Он встает. Поверх длинного прилавка, который он приглашает меня обогнуть, жестом указывает мне на скамейку, покрытую старым ковриком. В его светло-голубых глазах пляшет радостный огонек, но в глубине их, как тень этого огонька, – тревожное удивление. Он этого не знает. Не может знать, что за улыбка у него на лице. Он не спускает с меня глаз.

Он бросает своему приказчику, который дремлет на ступе, привалившись к стенке:

– Сходи за чаем.

Кругленький человечек вздрагивает. Резво вскакивает на ноги. Стул тоже возвращается на ножки.

Я пожимаю хаджи руку. Отказываюсь.

– Почему? – спрашивает он.

– А зачем? – говорю я. – Нет, спасибо.

Сесть я тоже отказываюсь.

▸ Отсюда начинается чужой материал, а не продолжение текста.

lemma H2_lift_lift_part:
  assumes two: "(2::'k::field) \<noteq> 0"
    and k: "lie_algebra sL br"
    and F: "g_Z2 sA sL br (F :: 'a::comm_ring_1 \<Rightarrow> 'l::ab_group_add \<Rightarrow> 'a \<Rightarrow> 'l \<Rightarrow> 'k)"
    and S: "\<And>a x b y z. F a x b (br y z) = - F a (br y z) b x"
  shows "H2_lift sA sL br (lift_part F)"
  unfolding H2_lift_def
proof (intro conjI allI)
  have Fq: "quadlin sA sL F"
    using F unfolding g_Z2_def g_alt2_def by blast
  note F_simps = quadlin_simps[OF Fq]
  show "lin_map sA fsc2 (lift_part F)"
    unfolding lin_map_def fsc2_def lift_part_def
    by (simp add: F_simps fun_eq_iff algebra_simps diff_divide_distrib add_divide_distrib)
  fix a
  have "bilin sL sL (lift_part F a)"
    unfolding bilin_def lin_map_def lift_part_def
    by (simp add: F_simps algebra_simps diff_divide_distrib add_divide_distrib)
  moreover have "d2 br (lift_part F a) x y z = 0" for x y z
  proof -
    have "F a (br x z) 1 y = - F a (br z x) 1 y"
      using lie_algebra_antisym[OF k, of x z] by (simp add: F_simps)
    moreover have "lift_part F a (br u v) w = F a (br u v) 1 w" for u v w
      using two S by (rule lift_part_bracket)
    ultimately have "d2 br (lift_part F a) x y z
        = - (F a (br x y) 1 z + F a (br y z) 1 x + F a (br z x) 1 y)"
      unfolding d2_def by (simp add: algebra_simps)
    thus ?thesis
      using cyclic_sum_at_unit[OF F S, of a x y z] by simp
  qed
  ultimately show "Z2 sL br (lift_part F a)"
    unfolding Z2_def alt2_def by (auto simp: fun_eq_iff lift_part_def)
qed

lemma alt13_alt13_part:
  assumes two: "(2::'k::field) \<noteq> 0"
    and A: "comm_algebra sA"
    and k: "lie_algebra sL br"
    and F: "g_Z2 sA sL br (F :: 'a::comm_ring_1 \<Rightarrow> 'l::ab_group_add \<Rightarrow> 'a \<Rightarrow> 'l \<Rightarrow> 'k)"
    and S: "\<And>a x b y z. F a x b (br y z) = - F a (br y z) b x"
  shows "alt13 sA sL br (alt13_part F)"
proof -
  have Fq: "quadlin sA sL F" and F_anti: "\<And>a x b y. F a x b y = - F b y a x"
    using F unfolding g_Z2_def g_alt2_def by blast+
  have quadlin: "quadlin sA sL (alt13_part F)"
    unfolding quadlin_def lin_map_def alt13_part_def lift_part_def
    by (simp add: quadlin_simps[OF Fq] comm_algebra_scale_mult[OF A] algebra_simps
        diff_divide_distrib add_divide_distrib)
  have "alt13_part F a x b y = - alt13_part F b y a x" for a x b y
    unfolding alt13_part_def lift_part_def using F_anti[of a x b y]
    by (simp add: mult.commute[of b a] diff_divide_distrib)
  moreover have "alt13_part F a x b y = 0" if "x \<in> derived sL br" for a x b y
  proof (rule lin_map_eq_0_on_span[OF lie_algebra_module[OF k], where f = "\<lambda>x. alt13_part F a x b y"])
    show "lin_map sL (*) (\<lambda>x. alt13_part F a x b y)"
      using quadlin unfolding quadlin_def by blast
    have "lift_part F c (br u v) w = F c (br u v) 1 w" for c u v w
      using two S by (rule lift_part_bracket)
    thus "alt13_part F a v b y = 0" if "v \<in> {br x y |x y. True}" for v
      using that bracket_entry_eq_product_entry[OF two F S] by (auto simp: alt13_part_def)
    show "x \<in> module.span sL {br x y |x y. True}"
      using \<open>x \<in> derived sL br\<close> unfolding derived_def .
  qed
  moreover have "alt13_part F a x 1 y + alt13_part F 1 x a y = 0" for a x y
  proof -
    have "lift_part F a x y + lift_part F a x y = F a x 1 y - F a y 1 x"
      unfolding lift_part_def by (rule half_add_half[OF two])
    thus ?thesis
      unfolding alt13_part_def using F_anti[of 1 x a y] by (simp add: algebra_simps)
  qed
  ultimately show ?thesis
    using quadlin unfolding alt13_def g_alt2_def by blast
qed

lemma g_B2_zero: "g_B2 sA sL br (\<lambda>a x b y. 0)"
  unfolding g_B2_def
proof (intro exI conjI allI)
  show "bilin sA sL (\<lambda>_ _. 0)"
    unfolding bilin_def lin_map_def by simp
qed simp

lemma ker_Psi_in_im_Phi:
  assumes two: "(2::'k::field) \<noteq> 0"
    and A: "comm_algebra sA"
    and k: "lie_algebra sL br"
    and F: "g_Z2 sA sL br (F :: 'a::comm_ring_1 \<Rightarrow> 'l::ab_group_add \<Rightarrow> 'a \<Rightarrow> 'l \<Rightarrow> 'k)"
    and ker: "Psi_eq br F (\<lambda>a b x y z. 0)"
  shows "\<exists>W \<phi>. alt13 sA sL br W \<and> H2_lift sA sL br \<phi> \<and>
           g_B2 sA sL br (\<lambda>a x b y. F a x b y - Phi_rep W \<phi> a x b y)"
proof (intro exI conjI)
  have S: "\<And>a x b y z. F a x b (br y z) = - F a (br y z) b x"
    using ker unfolding Psi_eq_0_iff[OF two] by blast
  show "alt13 sA sL br (alt13_part F)"
    by (rule alt13_alt13_part[OF two A k F S])
  show "H2_lift sA sL br (lift_part F)"
    by (rule H2_lift_lift_part[OF two k F S])
  show "g_B2 sA sL br (\<lambda>a x b y. F a x b y - Phi_rep (alt13_part F) (lift_part F) a x b y)"
    using g_B2_zero by (simp add: Phi_rep_alt13_part_lift_part)
qed

section \<open>Surjectivity of Psi\<close>

lemma vector_space_fsc2: "vector_space (fsc2 :: 'k::field \<Rightarrow> ('x \<Rightarrow> 'y \<Rightarrow> 'k) \<Rightarrow> _)"
  by unfold_locales (auto simp: fsc2_def fun_eq_iff algebra_simps)

lemma vector_space_fsc3: "vector_space (fsc3 :: 'k::field \<Rightarrow> ('x \<Rightarrow> 'y \<Rightarrow> 'z \<Rightarrow> 'k) \<Rightarrow> _)"
  by unfold_locales (auto simp: fsc3_def fun_eq_iff algebra_simps)

lemma module_fsc2: "module (fsc2 :: 'k::field \<Rightarrow> ('x \<Rightarrow> 'y \<Rightarrow> 'k) \<Rightarrow> _)"
  using vector_space_fsc2 by (simp add: module_iff_vector_space)

lemma module_fsc3: "module (fsc3 :: 'k::field \<Rightarrow> ('x \<Rightarrow> 'y \<Rightarrow> 'z \<Rightarrow> 'k) \<Rightarrow> _)"
  using vector_space_fsc3 by (simp add: module_iff_vector_space)

lemma module_hom_Gamma: "module_hom fsc2 fsc3 (Gamma br :: ('l \<Rightarrow> 'l \<Rightarrow> 'k::field) \<Rightarrow> _)"
  by (rule module_hom.intro[OF module_fsc2 module_fsc3])
    (unfold_locales, auto simp: Gamma_def fsc2_def fsc3_def fun_eq_iff)

lemma module_hom_d2: "module_hom fsc2 fsc3 (d2 br :: ('l \<Rightarrow> 'l \<Rightarrow> 'k::field) \<Rightarrow> _)"
  by (rule module_hom.intro[OF module_fsc2 module_fsc3])
    (unfold_locales, auto simp: d2_def fsc2_def fsc3_def fun_eq_iff algebra_simps)

lemma subspace_inv_sym: "module.subspace fsc2 {\<kappa>. inv_sym sL br \<kappa>}"
  by (rule module.subspaceI[OF module_fsc2])
    (auto simp: inv_sym_def bilin_def lin_map_def fsc2_def algebra_simps)

lemma subspace_alt2: "module.subspace fsc2 {\<eta>. alt2 sL \<eta>}"
  by (rule module.subspaceI[OF module_fsc2])
    (auto simp: alt2_def bilin_def lin_map_def fsc2_def algebra_simps)
lemma power2_mult_exp_neg_le:
  fixes x :: real
  assumes "0 < x"
  shows "x\<^sup>2 * exp (- x) \<le> real (k + 2) ^ (k + 2) / x ^ k"
proof -
  have "x ^ k * x\<^sup>2 \<le> real (k + 2) ^ (k + 2) * exp x"
    using power_le_exp_mult[of x "k + 2"] assms by (simp add: power_add power2_eq_square mult_ac)
  then show ?thesis
    using assms by (simp add: exp_minus field_simps)
qed

definition G_term :: "nat \<Rightarrow> real \<Rightarrow> real" where
  "G_term m t = (let n = real (Suc m) in
     exp (t - pi * n\<^sup>2 * exp (4 * t)) *
     (16 * pi\<^sup>2 * n ^ 4 * exp (8 * t) - 24 * pi * n\<^sup>2 * exp (4 * t)))"

lemma G_eq_suminf: "G t = (\<Sum>m. G_term m t)"
  unfolding G_def G_term_def ..

lemma G_term_eq:
  assumes "x = pi * real (Suc m) ^ 2 * exp (4 * t)"
  shows "G_term m t = exp t * (exp (- x) * (16 * x\<^sup>2 - 24 * x))"
proof -
  have "exp (8 * t) = exp (4 * t) * exp (4 * t)" "exp (t - x) = exp t * exp (- x)"
    by (simp_all flip: exp_add)
  then show ?thesis
    using assms unfolding G_term_def Let_def
    by (simp add: power2_eq_square power4_eq_xxxx algebra_simps)
qed

lemma pi_le_G_term_arg: "0 \<le> t \<Longrightarrow> pi \<le> pi * real (Suc m) ^ 2 * exp (4 * t)"
  using mult_mono[of 1 "real (Suc m) ^ 2" 1 "exp (4 * t)"] by simp

lemma G_term_pos:
  assumes "0 \<le> t"
  shows "0 < G_term m t"
proof -
  define x where "x = pi * real (Suc m) ^ 2 * exp (4 * t)"
  have "pi \<le> x"
    unfolding x_def using assms by (rule pi_le_G_term_arg)
  then have "24 * x < 16 * x * x"
    using pi_gt3 by (intro mult_strict_right_mono) auto
  then show ?thesis
    unfolding G_term_eq[OF x_def] by (simp add: power2_eq_square)
qed

lemma G_term_le:
  assumes t: "0 \<le> t" and k: "1 \<le> k"
  shows "G_term m t \<le> 16 * real (k + 2) ^ (k + 2) * exp ((1 - 4 * real k) * t) / real (Suc m) ^ 2"
proof -
  define n where "n = real (Suc m)"
  define x where "x = pi * n\<^sup>2 * exp (4 * t)"
  have n: "1 \<le> n"
    by (simp add: n_def)
  have x: "0 < x"
    using pi_le_G_term_arg[OF t, of m] pi_gt3 by (simp add: x_def n_def)
  have "x ^ k = pi ^ k * (n\<^sup>2) ^ k * exp (4 * real k * t)"
    by (simp add: x_def power_mult_distrib mult_ac flip: exp_of_nat_mult)
  moreover have "1 \<le> pi ^ k"
    using pi_gt3 by (simp add: one_le_power)
  moreover have "n\<^sup>2 \<le> (n\<^sup>2) ^ k"
    using n k power_increasing[of 1 k "n\<^sup>2"] by simp
  ultimately have "n\<^sup>2 * exp (4 * real k * t) \<le> x ^ k"
    using mult_mono[of 1 "pi ^ k" "n\<^sup>2" "(n\<^sup>2) ^ k"] by simp
  then have decay:
      "real (k + 2) ^ (k + 2) / x ^ k \<le> real (k + 2) ^ (k + 2) / (n\<^sup>2 * exp (4 * real k * t))"
    using n x by (intro divide_left_mono) auto
  have "16 * x\<^sup>2 - 24 * x \<le> 16 * x\<^sup>2"
    using x by simp
  then have "G_term m t \<le> exp t * (16 * (x\<^sup>2 * exp (- x)))"
    unfolding G_term_eq[OF x_def[unfolded n_def]] by (simp add: mult_ac)
  also have "\<dots> \<le> exp t * (16 * (real (k + 2) ^ (k + 2) / (n\<^sup>2 * exp (4 * real k * t))))"
    using power2_mult_exp_neg_le[OF x, of k] decay by (intro mult_left_mono) auto
  also have "\<dots> = 16 * real (k + 2) ^ (k + 2) * (exp t / exp (4 * real k * t)) / n\<^sup>2"
    by (simp add: mult_ac)
  also have "exp t / exp (4 * real k * t) = exp ((1 - 4 * real k) * t)"
    by (simp add: left_diff_distrib flip: exp_diff)
  finally show ?thesis
    by (simp add: n_def)
qed

lemma summable_const_div_Suc_power2: "summable (\<lambda>m. c / real (Suc m) ^ 2)"
proof -
  have "summable (\<lambda>m. inverse (real m ^ 2))"
    by (rule inverse_power_summable) auto
  then have "summable (\<lambda>m. inverse (real (Suc m) ^ 2))"
    by (subst summable_Suc_iff)
  then show ?thesis
    using summable_mult[of _ c] by (simp add: divide_inverse)
qed

lemma norm_G_term_le:
  assumes "0 \<le> t"
  shows "norm (G_term m t) \<le> 432 / real (Suc m) ^ 2"
proof -
  have "G_term m t \<le> 432 * exp (- 3 * t) / real (Suc m) ^ 2"
    using G_term_le[OF assms, of 1] by simp
  also have "\<dots> \<le> 432 / real (Suc m) ^ 2"
    using assms by (intro divide_right_mono) auto
  finally show ?thesis
    using G_term_pos[OF assms, of m] by simp
qed

lemma summable_G_term: "0 \<le> t \<Longrightarrow> summable (\<lambda>m. G_term m t)"
  using summable_comparison_test'[OF summable_const_div_Suc_power2 norm_G_term_le] .

lemma G_pos: "0 \<le> t \<Longrightarrow> 0 < G t"
  unfolding G_eq_suminf by (intro suminf_pos summable_G_term G_term_pos)

lemma G_decays_faster_than_exp: "\<exists>C. \<forall>t\<ge>0. G t \<le> C * exp (- a * t)"
proof -
  define k where "k = nat \<lceil>a\<rceil> + 1"
  define c where "c = 16 * real (k + 2) ^ (k + 2)"
  have k: "1 \<le> k" "a \<le> 4 * real k - 1"
    using real_nat_ceiling_ge[of a] unfolding k_def by auto
  have "G t \<le> (\<Sum>m. c / real (Suc m) ^ 2) * exp (- a * t)" if t: "0 \<le> t" for t
  proof -
    have "G t \<le> (\<Sum>m. c / real (Suc m) ^ 2 * exp (- a * t))"
      unfolding G_eq_suminf
    proof (rule suminf_le)
      fix m
      have "(1 - 4 * real k) * t \<le> - a * t"
        using k t by (intro mult_right_mono) auto
      then have "exp ((1 - 4 * real k) * t) \<le> exp (- a * t)"
        by simp
      moreover have "G_term m t \<le> c / real (Suc m) ^ 2 * exp ((1 - 4 * real k) * t)"
        using G_term_le[OF t k(1), of m] by (simp add: c_def)
      ultimately show "G_term m t \<le> c / real (Suc m) ^ 2 * exp (- a * t)"
        using mult_left_mono[of _ _ "c / real (Suc m) ^ 2"] by (fastforce simp: c_def)
    qed (use t summable_G_term summable_mult2 summable_const_div_Suc_power2 in auto)
    also have "\<dots> = (\<Sum>m. c / real (Suc m) ^ 2) * exp (- a * t)"
      by (rule suminf_mult2[symmetric, OF summable_const_div_Suc_power2])
    finally show ?thesis .
  qed
  then show ?thesis by blast
qed

lemma continuous_on_G: "continuous_on {0..} G"
proof -
  have "uniform_limit {0..} (\<lambda>n t. \<Sum>m<n. G_term m t) (\<lambda>t. \<Sum>m. G_term m t) sequentially"
    by (rule Weierstrass_m_test[OF _ summable_const_div_Suc_power2]) (use norm_G_term_le in auto)
  moreover have "continuous_on {0..} (\<lambda>t. \<Sum>m<n. G_term m t)" for n
    unfolding G_term_def Let_def by (intro continuous_intros)
  ultimately show ?thesis
    unfolding G_eq_suminf[abs_def]
    by (intro uniform_limit_theorem[OF always_eventually] trivial_limit_sequentially) auto
qed

lemma norm_cosh_le_exp_norm: "norm (cosh (w :: complex)) \<le> exp (norm w)"
proof -
  have "norm (cosh w) \<le> (norm (exp w) + norm (exp (- w))) / 2"
    unfolding cosh_field_def using norm_triangle_ineq[of "exp w" "exp (- w)"] by simp
  also have "\<dots> = (exp (Re w) + exp (- Re w)) / 2"
    by (simp add: norm_exp_eq_Re)
  also have "\<dots> \<le> exp (norm w)"
    using abs_Re_le_cmod[of w] add_mono[of "exp (Re w)" "exp (norm w)" "exp (- Re w)" "exp (norm w)"]
    by (simp add: abs_le_iff)
  finally show ?thesis .
qed

lemma exp_bounded_integrable_on_atLeast:
  fixes f :: "real \<Rightarrow> 'a::euclidean_space"
  assumes cont: "continuous_on {c..} f"
    and bound: "\<And>t. c \<le> t \<Longrightarrow> norm (f t) \<le> C * exp (- t)"
  shows "f integrable_on {c..}" and "norm (integral {c..} f) \<le> C * exp (- c)"
proof -
  have exp_int: "((\<lambda>t. C * exp (- 1 * t)) has_integral C * (exp (- 1 * c) / 1)) {c..}"
    by (intro has_integral_mult_right has_integral_exp_minus_to_infinity) auto
  have meas: "f \<in> borel_measurable (lebesgue_on {c..})"
    using cont by (rule continuous_imp_measurable_on_sets_lebesgue) auto
  have bound': "\<And>t. t \<in> {c..} \<Longrightarrow> norm (f t) \<le> C * exp (- 1 * t)"
    using bound by simp
  show "f integrable_on {c..}"
    using measurable_bounded_by_integrable_imp_integrable[OF meas _ bound'] exp_int by auto
  show "norm (integral {c..} f) \<le> C * exp (- c)"
    using integral_norm_bound_integral'[OF bound' meas _ exp_int] by simp
qed

lemma integral_atLeast_split:
  fixes f :: "real \<Rightarrow> 'a::banach"
  assumes "a \<le> b" "f integrable_on {a..b}" "f integrable_on {b..}"
  shows "integral {a..} f = integral {a..b} f + integral {b..} f"
proof -
  have "{a..b} \<inter> {b..} = {b}" "{a..b} \<union> {b..} = {a..}"
    using assms(1) by auto
  then have "(f has_integral integral {a..b} f + integral {b..} f) {a..}"
    using has_integral_Un[OF integrable_integral[OF assms(2)] integrable_integral[OF assms(3)]] by simp
  then show ?thesis
    by (rule integral_unique)
qed

definition eta_integrand :: "complex \<Rightarrow> real \<Rightarrow> complex" where
  "eta_integrand z t = complex_of_real (G t) * cosh (z * complex_of_real t)"

lemma eta_eq_integral: "eta z = integral {0..} (eta_integrand z)"
  unfolding eta_def eta_integrand_def ..

lemma continuous_on_eta_integrand: "continuous_on {0..} (eta_integrand z)"
  unfolding eta_integrand_def by (intro continuous_intros continuous_on_G)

Он повторяет:

– Почему? Почему?

И напевает:

 
Если знаешь.
Скажи почему.
И почему
На узких улочках
Женщины вышагивают,
Как голуби в брачную пору.
 

Трое мужчин – старых, в тюрбанах – смеются. Они сидят рядком на второй скамейке. Три божка. Скупые на слова, способные сидеть часами – мне это знакомо, – не испытывая потребности разомкнуть уста. Но они смеются: вместо глаз – щелки. Тихонько так смеются.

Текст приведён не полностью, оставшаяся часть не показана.